Show all lines from the data that include the word "shows".

**INPUT RECORDS:**

Content starts

(* Let $R$ be a ring, $S\in\mathrm{Den}_l(R,\mathfrak a)$, $\pi:R\to R/\mathfrak a$, $a\mapsto a+\mathfrak a$, and $\sigma:R\to S^{-1}R$, $r\mapsto r/1$ (so $R/\mathfrak a$ is identified with the subring $\sigma(R)$ of $S^{-1}R$). (1) Let $T\in\mathrm{Den}_l(S^{-1}R,0)$ be such that $\sigma(S)\subseteq T$ and $\{\sigma(s)^{-1}\mid s\in S\}\subseteq T$. Then $T':=\sigma^{-1}(T)\in\mathrm{Den}_l(R,\mathfrak a)$, $T'$ is $S$-saturated, $T=\{\sigma(s)^{-1}\sigma(t')\mid s\in S, t'\in T'\}$, the natural ring homomorphism $S^{-1}R\to T'^{-1}R$ is injective, and $T'^{-1}R\cong T^{-1}(S^{-1}R)$ naturally. (2) $\pi^{-1}(S_0(R/\mathfrak a))=S_{\mathfrak a}(R)$, $\pi(S_{\mathfrak a}(R))=S_0(R/\mathfrak a)$, and $Q_{\mathfrak a}(R):=S_{\mathfrak a}(R)^{-1}R\cong Q_l(R/\mathfrak a)$.
   Context: Rings are associative with $1$. A multiplicatively closed subset $S$ ($1\in S$, $0\notin S$, closed under products) is a left Ore set if $Sr\cap Rs\ne\emptyset$ for all $r\in R,s\in S$; $\mathrm{ass}(S):=\{r\mid sr=0\text{ for some }s\in S\}$; it is a left denominator set if moreover $rs=0$ ($s\in S$) implies $tr=0$ for some $t\in S$. $\mathrm{Den}_l(R,\mathfrak a)$ is the set of left denominator sets $S$ with $\mathrm{ass}(S)=\mathfrak a$; it has a largest element under inclusion, $S_{\mathfrak a}(R)$. $S_0(A)$ denotes the largest element of $\mathrm{Den}_l(A,0)$ for a ring $A$, and $Q_l(A):=S_0(A)^{-1}A$. For $S,T'\in\mathrm{Den}_l(R)$, $T'$ is $S$-saturated if $sr\in T'$ ($s\in S,r\in R$) implies $r\in T'$, and $r's'\in T'$ ($s'\in S,r'\in R$) implies $r'\in T'$. *)

theory Defs
  imports "HOL-Algebra.Algebra"
begin

definition mult_closed :: "('a, 'm) ring_scheme \<Rightarrow> 'a set \<Rightarrow> bool" where
  "mult_closed R S \<longleftrightarrow> S \<subseteq> carrier R \<and> \<one>\<^bsub>R\<^esub> \<in> S \<and> \<zero>\<^bsub>R\<^esub> \<notin> S \<and>
     (\<forall>s\<in>S. \<forall>t\<in>S. s \<otimes>\<^bsub>R\<^esub> t \<in> S)"

definition left_ore :: "('a, 'm) ring_scheme \<Rightarrow> 'a set \<Rightarrow> bool" where
  "left_ore R S \<longleftrightarrow> mult_closed R S \<and>
     (\<forall>r\<in>carrier R. \<forall>s\<in>S. \<exists>s'\<in>S. \<exists>r'\<in>carrier R. s' \<otimes>\<^bsub>R\<^esub> r = r' \<otimes>\<^bsub>R\<^esub> s)"

definition ass :: "('a, 'm) ring_scheme \<Rightarrow> 'a set \<Rightarrow> 'a set" where
  "ass R S = {r \<in> carrier R. \<exists>s\<in>S. s \<otimes>\<^bsub>R\<^esub> r = \<zero>\<^bsub>R\<^esub>}"

definition left_den :: "('a, 'm) ring_scheme \<Rightarrow> 'a set \<Rightarrow> bool" where
  "left_den R S \<longleftrightarrow> left_ore R S \<and>
     (\<forall>r\<in>carrier R. \<forall>s\<in>S. r \<otimes>\<^bsub>R\<^esub> s = \<zero>\<^bsub>R\<^esub> \<longrightarrow> (\<exists>t\<in>S. t \<otimes>\<^bsub>R\<^esub> r = \<zero>\<^bsub>R\<^esub>))"

definition Den_l :: "('a, 'm) ring_scheme \<Rightarrow> 'a set \<Rightarrow> 'a set set" where
  "Den_l R a = {S. left_den R S \<and> ass R S = a}"

definition S_max :: "('a, 'm) ring_scheme \<Rightarrow> 'a set \<Rightarrow> 'a set" where
  "S_max R a = Greatest (\<lambda>S. S \<in> Den_l R a)"

definition S0 :: "('a, 'm) ring_scheme \<Rightarrow> 'a set" where
  "S0 A = S_max A {\<zero>\<^bsub>A\<^esub>}"

definition S_saturated :: "('a, 'm) ring_scheme \<Rightarrow> 'a set \<Rightarrow> 'a set \<Rightarrow> bool" where
  "S_saturated R S T' \<longleftrightarrow>
     (\<forall>s\<in>S. \<forall>r\<in>carrier R. s \<otimes>\<^bsub>R\<^esub> r \<in> T' \<longrightarrow> r \<in> T') \<and>
     (\<forall>s\<in>S. \<forall>r\<in>carrier R. r \<otimes>\<^bsub>R\<^esub> s \<in> T' \<longrightarrow> r \<in> T')"

text \<open>S^{-1}R denotes any such ring; it is unique up to a unique isomorphism over R.\<close>
definition is_left_loc ::
  "('a, 'm) ring_scheme \<Rightarrow> 'a set \<Rightarrow> ('b, 'n) ring_scheme \<Rightarrow> ('a \<Rightarrow> 'b) \<Rightarrow> bool" where
  "is_left_loc R S Q \<sigma> \<longleftrightarrow> ring Q \<and> \<sigma> \<in> ring_hom R Q \<and>
     (\<forall>s\<in>S. \<sigma> s \<in> Units Q) \<and>
     (\<forall>q\<in>carrier Q. \<exists>s\<in>S. \<exists>r\<in>carrier R. q = inv\<^bsub>Q\<^esub> (\<sigma> s) \<otimes>\<^bsub>Q\<^esub> \<sigma> r) \<and>
     {r \<in> carrier R. \<sigma> r = \<zero>\<^bsub>Q\<^esub>} = ass R S"

end

theory Submission
  imports Defs
begin

text \<open>
  Both \<open>\<sigma> : R \<rightarrow> S\<inverse>R\<close> and \<open>\<pi> : R \<rightarrow> R/\<aa>\<close> have kernel \<open>\<aa> = ass(S)\<close>, and every element
  of the target becomes an image after left multiplication by the image of some \<open>s \<in> S\<close>.
  For such a map \<open>h\<close> and a left denominator set \<open>U\<close> with \<open>ass(U) = 0\<close> containing \<open>h(S)\<close>,
  the preimage \<open>h\<inverse>(U)\<close> is a left denominator set with \<open>ass = \<aa>\<close>: the Ore and
  denominator conditions of \<open>U\<close> are pulled back by clearing denominators, and
  \<open>h(x) = h(y)\<close> forces \<open>sx = sy\<close> for some \<open>s \<in> S\<close>. With \<open>h = \<sigma>\<close> this gives \<open>T'\<close>;
  with \<open>h = \<pi>\<close> and \<open>U = S\<^sub>0(R/\<aa>)\<close> it gives the largest element of \<open>Den\<^sub>l(R,\<aa>)\<close>, since
  \<open>\<pi>\<close> maps every element of \<open>Den\<^sub>l(R,\<aa>)\<close> into \<open>Den\<^sub>l(R/\<aa>,0)\<close>.
  The ring maps come from the universal property of left localization; they are
  injective because their kernels are controlled by \<open>\<aa>\<close>, and surjective because every
  element of the target is a left fraction of images. \<open>S\<^sub>0\<close> of a nonzero ring exists as
  the multiplicative closure of the union of all of \<open>Den\<^sub>l(A,0)\<close>.
\<close>


section \<open>Left fractions in monoids and rings\<close>

lemma (in monoid) Units_inv_mult_cancel [simp]:
  "u \<in> Units G \<Longrightarrow> x \<in> carrier G \<Longrightarrow> inv u \<otimes> (u \<otimes> x) = x"
  by (simp add: m_assoc[symmetric] Units_closed)

lemma (in monoid) Units_mult_inv_cancel [simp]:
  "u \<in> Units G \<Longrightarrow> x \<in> carrier G \<Longrightarrow> u \<otimes> (inv u \<otimes> x) = x"
  by (simp add: m_assoc[symmetric] Units_closed)

lemma (in monoid) Units_inv_mult:
  assumes "u \<in> Units G" "v \<in> Units G"
  shows "inv (u \<otimes> v) = inv v \<otimes> inv u"
proof -
  have "(u \<otimes> v) \<otimes> (inv v \<otimes> inv u) = \<one>" "(inv v \<otimes> inv u) \<otimes> (u \<otimes> v) = \<one>"
    using assms by (simp_all add: m_assoc Units_closed)
  then show ?thesis using assms by (metis inv_unique' Units_closed Units_inv_closed m_closed)
qed

lemma (in monoid) Units_inv_mult_eq_iff:
  assumes "u \<in> Units G" "x \<in> carrier G" "y \<in> carrier G"
  shows "inv u \<otimes> x = y \<longleftrightarrow> x = u \<otimes> y"
  using assms by (metis Units_closed Units_inv_closed Units_l_cancel Units_r_inv l_one m_assoc m_closed)

lemma (in monoid) left_frac_eq_iff:
  assumes a: "a \<in> Units G" and b: "b \<in> Units G" and c: "c \<in> Units G" and d: "d \<in> carrier G"
    and x: "x \<in> carrier G" and y: "y \<in> carrier G" and common: "c \<otimes> a = d \<otimes> b"
  shows "inv a \<otimes> x = inv b \<otimes> y \<longleftrightarrow> c \<otimes> x = d \<otimes> y"
proof -
  have "inv a \<otimes> x = inv (c \<otimes> a) \<otimes> (c \<otimes> x)"
    using a c x by (simp add: Units_inv_mult m_assoc Units_closed)
  moreover have "inv b \<otimes> y = inv (c \<otimes> a) \<otimes> (d \<otimes> y)"
  proof -
    have "d = c \<otimes> a \<otimes> inv b" using common b d by (simp add: m_assoc Units_closed)
    then show ?thesis using a b c y by (simp add: Units_inv_mult m_assoc Units_closed)
  qed
  ultimately show ?thesis
    using a c d x y by (simp add: Units_closed)
qed

lemma (in monoid) left_frac_mult:
  assumes a: "a \<in> Units G" and b: "b \<in> Units G" and c: "c \<in> Units G" and d: "d \<in> carrier G"
    and x: "x \<in> carrier G" and y: "y \<in> carrier G" and swap: "c \<otimes> x = d \<otimes> b"
  shows "(inv a \<otimes> x) \<otimes> (inv b \<otimes> y) = inv (c \<otimes> a) \<otimes> (d \<otimes> y)"
proof -
  have "x = inv c \<otimes> (d \<otimes> b)"
    using swap c x by (metis Units_inv_mult_cancel)
  then have "x \<otimes> inv b = inv c \<otimes> d"
    using b c d by (simp add: m_assoc Units_closed)
  moreover have "(inv a \<otimes> x) \<otimes> (inv b \<otimes> y) = inv a \<otimes> (x \<otimes> inv b) \<otimes> y"
    using a b x y by (simp add: m_assoc Units_closed)
  ultimately have "(inv a \<otimes> x) \<otimes> (inv b \<otimes> y) = inv a \<otimes> (inv c \<otimes> d) \<otimes> y"
    by simp
  then show ?thesis
    using a c d y by (simp add: Units_inv_mult m_assoc Units_closed)
qed

lemma (in ring) left_frac_add:
  assumes a: "a \<in> Units R" and b: "b \<in> Units R" and c: "c \<in> Units R" and d: "d \<in> carrier R"
    and x: "x \<in> carrier R" and y: "y \<in> carrier R" and common: "c \<otimes> a = d \<otimes> b"
  shows "inv a \<otimes> x \<oplus> inv b \<otimes> y = inv (c \<otimes> a) \<otimes> (c \<otimes> x \<oplus> d \<otimes> y)"
proof -
  have "inv (c \<otimes> a) \<otimes> c = inv a"
    using a c by (simp add: Units_inv_mult m_assoc Units_closed)
  moreover have "inv (c \<otimes> a) \<otimes> d = inv b"
  proof -
    have "d = c \<otimes> a \<otimes> inv b" using common b d by (simp add: m_assoc Units_closed)
    then show ?thesis using a b c by (simp add: Units_inv_mult m_assoc Units_closed)
  qed
  ultimately show ?thesis
    using a c d x y by (simp add: r_distr m_assoc[symmetric] Units_closed)
qed

lemma ring_hom_Units:
  assumes "ring A" "ring B" "h \<in> ring_hom A B" "u \<in> Units A"
  shows "h u \<in> Units B" and "h (inv\<^bsub>A\<^esub> u) = inv\<^bsub>B\<^esub> (h u)"
proof -
  interpret h: ring_hom_ring A B h using assms by (intro ring_hom_ringI2)
  have "h u \<otimes>\<^bsub>B\<^esub> h (inv\<^bsub>A\<^esub> u) = \<one>\<^bsub>B\<^esub>" "h (inv\<^bsub>A\<^esub> u) \<otimes>\<^bsub>B\<^esub> h u = \<one>\<^bsub>B\<^esub>"
    using assms(4) by (simp_all add: h.hom_mult[symmetric] h.R.Units_closed)
  moreover have "h u \<in> carrier B" "h (inv\<^bsub>A\<^esub> u) \<in> carrier B"
    using assms(4) by auto
  ultimately show "h u \<in> Units B" "h (inv\<^bsub>A\<^esub> u) = inv\<^bsub>B\<^esub> (h u)"
    unfolding Units_def using h.S.inv_unique' by auto
qed

lemma ring_hom_left_frac:
  assumes "ring A" "ring B" "h \<in> ring_hom A B" "u \<in> Units A" "x \<in> carrier A"
  shows "h (inv\<^bsub>A\<^esub> u \<otimes>\<^bsub>A\<^esub> x) = inv\<^bsub>B\<^esub> (h u) \<otimes>\<^bsub>B\<^esub> h x"
proof -
  interpret h: ring_hom_ring A B h using assms by (intro ring_hom_ringI2)
  show ?thesis using assms ring_hom_Units[OF assms(1-4)] by (simp add: h.R.Units_closed)
qed


section \<open>Left denominator sets\<close>

lemma Den_lD:
  assumes "S \<in> Den_l R a"
  shows "S \<subseteq> carrier R" "\<one>\<^bsub>R\<^esub> \<in> S" "\<zero>\<^bsub>R\<^esub> \<notin> S"
    "\<And>s t. s \<in> S \<Longrightarrow> t \<in> S \<Longrightarrow> s \<otimes>\<^bsub>R\<^esub> t \<in> S"
    "\<And>r s. r \<in> carrier R \<Longrightarrow> s \<in> S \<Longrightarrow> \<exists>s'\<in>S. \<exists>r'\<in>carrier R. s' \<otimes>\<^bsub>R\<^esub> r = r' \<otimes>\<^bsub>R\<^esub> s"
    "\<And>r s. r \<in> carrier R \<Longrightarrow> s \<in> S \<Longrightarrow> r \<otimes>\<^bsub>R\<^esub> s = \<zero>\<^bsub>R\<^esub> \<Longrightarrow> \<exists>t\<in>S. t \<otimes>\<^bsub>R\<^esub> r = \<zero>\<^bsub>R\<^esub>"
    "ass R S = a"
  using assms unfolding Den_l_def left_den_def left_ore_def mult_closed_def by auto

lemma (in ring) Den_l_zero_regular:
  assumes "W \<in> Den_l R {\<zero>}" "w \<in> W" "r \<in> carrier R"
  shows "w \<otimes> r = \<zero> \<Longrightarrow> r = \<zero>" and "r \<otimes> w = \<zero> \<Longrightarrow> r = \<zero>"
proof -
  have left: "w' \<otimes> r' = \<zero> \<Longrightarrow> r' = \<zero>" if "w' \<in> W" "r' \<in> carrier R" for w' r'
    using Den_lD(7)[OF assms(1)] that unfolding ass_def by blast
  show "w \<otimes> r = \<zero> \<Longrightarrow> r = \<zero>" using left assms(2,3) .
  show "r \<otimes> w = \<zero> \<Longrightarrow> r = \<zero>" using Den_lD(6)[OF assms(1) assms(3,2)] left assms(3) by blast
qed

Content ends

**ANSWER TO THIS PROBLEM:**
  shows "inv (u \<otimes> v) = inv v \<otimes> inv u"
  shows "inv u \<otimes> x = y \<longleftrightarrow> x = u \<otimes> y"
  shows "inv a \<otimes> x = inv b \<otimes> y \<longleftrightarrow> c \<otimes> x = d \<otimes> y"
  shows "(inv a \<otimes> x) \<otimes> (inv b \<otimes> y) = inv (c \<otimes> a) \<otimes> (d \<otimes> y)"
  shows "inv a \<otimes> x \<oplus> inv b \<otimes> y = inv (c \<otimes> a) \<otimes> (c \<otimes> x \<oplus> d \<otimes> y)"
  shows "h u \<in> Units B" and "h (inv\<^bsub>A\<^esub> u) = inv\<^bsub>B\<^esub> (h u)"
  shows "h (inv\<^bsub>A\<^esub> u \<otimes>\<^bsub>A\<^esub> x) = inv\<^bsub>B\<^esub> (h u) \<otimes>\<^bsub>B\<^esub> h x"
  shows "S \<subseteq> carrier R" "\<one>\<^bsub>R\<^esub> \<in> S" "\<zero>\<^bsub>R\<^esub> \<notin> S"
  shows "w \<otimes> r = \<zero> \<Longrightarrow> r = \<zero>" and "r \<otimes> w = \<zero> \<Longrightarrow> r = \<zero>"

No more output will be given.